65/365: 8 ½ (Federico Fellini, 1962) (Amazon Prime, YouTube)

Which could lead you back to this pioneering autobiographical meta-film, in which Fellini (at the time, the world’s most popular and famous purveyor of “art cinema”) probes his own restless creative blockage, as his proxy Marcello Mastroianni is a mega-auteur stuck in mid-project, and bounced like a pinball through his private life, professional pressures, memories and manic daydreams. More than a little male-centric, it’s also one of the few Fellini films where the outrageous imagery and gargoylish caricatures cohere with the story into a vivid whole. A huge arthouse hit internationally, and one of the Coen Brothers’ favorite films.

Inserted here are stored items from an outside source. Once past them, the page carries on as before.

(* Define $g:\mathbb N\to\mathbb N$ by $$g(n)=\begin{cases}\lfloor\varphi n\rfloor, & n\in R_{2,0},\\ \lfloor\varphi n-2\rfloor, & n\in R_{1,0},\\ \lfloor(\varphi-1) n+2\rfloor, & n\in R_{2,2},\\ \lfloor(\varphi-1) n+1\rfloor, & n\in R_{3,1}.\end{cases}$$ Then $g$ is an $R_{i,j}$-permutation of $\mathbb N$ of order $2$ (a bijection of $\mathbb N$ with $g\circ g=\mathrm{id}\neq g$). Its first values are $2,1,4,3,6,5,9,12,7,14,\dots$.
   Context: $\mathbb N=\{1,2,\dots\}$, $\varphi=\frac{1+\sqrt5}{2}$, $F$ the Fibonacci numbers ($F(0)=0,F(1)=F(2)=1$). For $i\in\mathbb Z^{\ge0},j\in\mathbb Z$, $R_{i,j}$ is the range of $n\mapsto F(i+1)\lfloor n\varphi\rfloor+F(i)n-j$, $n\in\mathbb N$. An $R_{i,j}$-permutation is a permutation $\pi$ of $\mathbb N$ defined piecewise on a finite partition of $\mathbb N$ into sets $R_{i,j}$, with $\pi(n)=\lfloor(a\varphi+b)n+c\rfloor$ on each piece for integers $a,b,c$ depending on the piece. *)

theory Defs
  imports Complex_Main "HOL-Number_Theory.Fib"
begin

definition phi :: real where "phi = (1 + sqrt 5) / 2"

definition Npos :: "int set" where "Npos = {n. n \<ge> 1}"

definition R :: "nat \<Rightarrow> int \<Rightarrow> int set" where
  "R i j = {int (fib (i+1)) * \<lfloor>real_of_int n * phi\<rfloor> + int (fib i) * n - j | n. n \<ge> 1}"

definition piece_set :: "nat \<times> int \<times> int \<times> int \<times> int \<Rightarrow> int set" where
  "piece_set p = (case p of (i,j,a,b,c) \<Rightarrow> R i j)"

definition piece_fun :: "nat \<times> int \<times> int \<times> int \<times> int \<Rightarrow> int \<Rightarrow> int" where
  "piece_fun p n = (case p of (i,j,a,b,c) \<Rightarrow>
       \<lfloor>(of_int a * phi + of_int b) * of_int n + of_int c\<rfloor>)"

definition R_permutation :: "(int \<Rightarrow> int) \<Rightarrow> bool" where
  "R_permutation \<pi> \<longleftrightarrow> bij_betw \<pi> Npos Npos \<and>
     (\<exists>ps :: (nat \<times> int \<times> int \<times> int \<times> int) list.
        (\<forall>k l. k < length ps \<and> l < length ps \<and> k \<noteq> l \<longrightarrow>
               piece_set (ps ! k) \<inter> piece_set (ps ! l) = {}) \<and>
        (\<Union>p\<in>set ps. piece_set p) = Npos \<and>
        (\<forall>p\<in>set ps. \<forall>n\<in>piece_set p. \<pi> n = piece_fun p n))"

text \<open>The function \<open>g\<close> of the theorem (values outside \<open>\<nat>\<close> are irrelevant).\<close>
definition g :: "int \<Rightarrow> int" where
  "g n = (if n \<in> R 2 0 then \<lfloor>phi * of_int n\<rfloor>
          else if n \<in> R 1 0 then \<lfloor>phi * of_int n - 2\<rfloor>
          else if n \<in> R 2 2 then \<lfloor>(phi - 1) * of_int n + 2\<rfloor>
          else if n \<in> R 3 1 then \<lfloor>(phi - 1) * of_int n + 1\<rfloor>
          else n)"

end

theory Submission
  imports Defs "HOL-Computational_Algebra.Primes" "HOL-Library.Disjoint_Sets"
begin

66/365: After Hours (Martin Scorsese, 1985) (Amazon Prime, YouTube)

Going small after the severe personal and professional rollercoaster ride afforded by New York, New York (1978) and Raging Bull (1980), Scorsese makes his first and only full-on comedy, from a tight indie spec script and starring the spectacularly quick Griffin Dunne as a naive, urban-lonely ’80s yuppie who heads downtown to meet a girl and spends the entirety of the night trying to get back home. A million NYC jokes packed into a small package (back when Manhattan still had sections of bohemian sleaze and real danger), the nighttime odyssey de-evolves into madness, pretentious art, inexplicable women, lynch mobs and more. Hilarious top to bottom, in ways that might make this the Scorsese film for those who don’t care for Scorsese films. The eight or nine of you.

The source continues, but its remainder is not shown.